Melanocytes are not found in sweat glands so adnexal tumors of skin do not show melanin pigmentation. However, melanocytes are component of sweat duct germs in 14 weeks embryo. Hence, melanogenesis is seen in adnexal tumors of skin.[4]

Malignant transformation of CCH is rare and is marked clinically by a rapid growth with cutaneous ulceration; and histologically by nuclear atypia, increased number of mitotic figures, infiltrative pattern, angiolymphatic or perineural invasion with areas of necrosis.[79]

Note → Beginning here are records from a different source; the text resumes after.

theorem lemma4p4:
  fixes X :: "'a::euclidean_space set" and P :: "'a \<Rightarrow> 'b::euclidean_space"
    and w :: "nat \<Rightarrow> 'a" and l :: nat and eps :: real and u v :: 'a and zs :: 'b
  assumes reach_pos: "reach X > 0"
    and eps: "0 < eps" "eps < 1"
    and w_in: "\<forall>i \<in> {1..l}. w i \<in> secants X"
    and w_net: "\<forall>x \<in> secants X. \<exists>i \<in> {1..l}. dist x (w i) < eps / 40"
    and Pi_lin: "linear P"
    and Pi_dist: "hull_distortion P (eps / 240) (secants X)"
    and u: "u \<in> Xtilde X - closure X"
    and zs_norm: "norm zs \<le> norm (u - nn X u)"
    and zs_g: "\<forall>i \<in> {1..2*l}. gt X P w l eps i zs u \<le> - (eps / 60) * norm (u - nn X u)"
    and v: "v \<in> ball u (min 1 (eps * norm (u - nn X u) / 480)) \<inter> Xtilde X"
  shows "let \<delta> = 240 * norm (u - v) / (eps * norm (u - nn X u));
             zv = (1 - \<delta>) *\<^sub>R beta X P w l eps u + \<delta> *\<^sub>R zs
         in (\<forall>i \<in> {1..2*l}. gt X P w l eps i zv v \<le> 0) \<and> zv \<in> Ft X P w l eps v
            \<and> norm (beta X P w l eps v) \<le> norm zv"
proof -
  define N where "N = norm (u - nn X u)"
  define \<delta> where "\<delta> = 240 * norm (u - v) / (eps * N)"
  define zv where "zv = (1 - \<delta>) *\<^sub>R beta X P w l eps u + \<delta> *\<^sub>R zs"
  have "0 < N" using u nn_projection_Xtilde[of u X] unfolding N_def by auto
  have "480 * norm (u - v) < eps * N" using v by (simp add: N_def dist_norm)
  then have "240 * norm (u - v) \<le> eps * N" using norm_ge_zero[of "u - v"] by linarith
  moreover have "0 < eps * N" using eps \<open>0 < N\<close> by simp
  ultimately have \<delta>: "0 \<le> \<delta>" "\<delta> \<le> 1" "\<delta> * (eps / 60 * N) = 4 * norm (u - v)"
    unfolding \<delta>_def using eps \<open>0 < N\<close> by (simp_all add: pos_divide_le_eq)
  have "zs \<in> Ft X P w l eps u"
    unfolding Ft_def
  proof (intro CollectI ballI)
    fix i assume "i \<in> {1..2*l}"
    moreover have "0 \<le> eps / 60 * N" using eps \<open>0 < N\<close> by simp
    ultimately show "gt X P w l eps i zs u \<le> 0" using zs_g unfolding N_def by force
  qed
  then have beta_u: "beta X P w l eps u \<in> Ft X P w l eps u" by (rule beta_minimal)
  have w_unit: "\<forall>j \<in> {1..l}. norm (w j) = 1" using w_in norm_secants by blast
  have zv_feasible: "\<forall>i \<in> {1..2*l}. gt X P w l eps i zv v \<le> 0"
  proof
    fix i assume i: "i \<in> {1..2*l}"
    have shift: "gt X P w l eps i z v \<le> gt X P w l eps i z u + 4 * norm (u - v)" for z
      by (rule gt_change_point_Xtilde[OF _ _ w_unit i]) (use u v eps in auto)
    have "gt X P w l eps i zv v
        = (1 - \<delta>) * gt X P w l eps i (beta X P w l eps u) v + \<delta> * gt X P w l eps i zs v"
      unfolding zv_def by (rule gt_convex_combination)
    also have "\<dots> \<le> 0"
    proof (rule convex_combination_nonpos[OF \<delta>(1,2) _ _ \<delta>(3)])
      show "gt X P w l eps i (beta X P w l eps u) v \<le> 4 * norm (u - v)"
        using shift[of "beta X P w l eps u"] beta_u i unfolding Ft_def by fastforce
      show "gt X P w l eps i zs v \<le> 4 * norm (u - v) - eps / 60 * N"
        using shift[of zs] zs_g i unfolding N_def by fastforce
    qed
    finally show "gt X P w l eps i zv v \<le> 0" .
  qed
  then have zv_Ft: "zv \<in> Ft X P w l eps v" unfolding Ft_def by blast
  show ?thesis
    unfolding Let_def N_def[symmetric] \<delta>_def[symmetric] zv_def[symmetric]
    using zv_feasible zv_Ft beta_minimal(2)[OF zv_Ft] by blast
qed

end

Routine haematoxylin and eosin stained sections are usually sufficient for diagnosis and immunohistochemical analysis is not required. Immunohistochemical analysis may become essential in distinguishing CCH from its mimics that may include both benign and malignant lesions. Biernat et al. showed cytokeratin (CK) expression in CCH. Most keratin expression such as CK6/18, CK7, and CK8/18 was noted in squamoid cells and tubule lining cells. Clear cells were consistently positive for epithelial membrane antigen and CK10/17/18.[10]

In conclusion, oral CCH are rare benign tumors. The diagnosis of these tumors is based on routine microscopy and an awareness of similarity of tumors arising from salivary and eccrine sweat glands. CCH can be treated by simple surgical excision and recurrence is rare, while lesion recur after incomplete excision.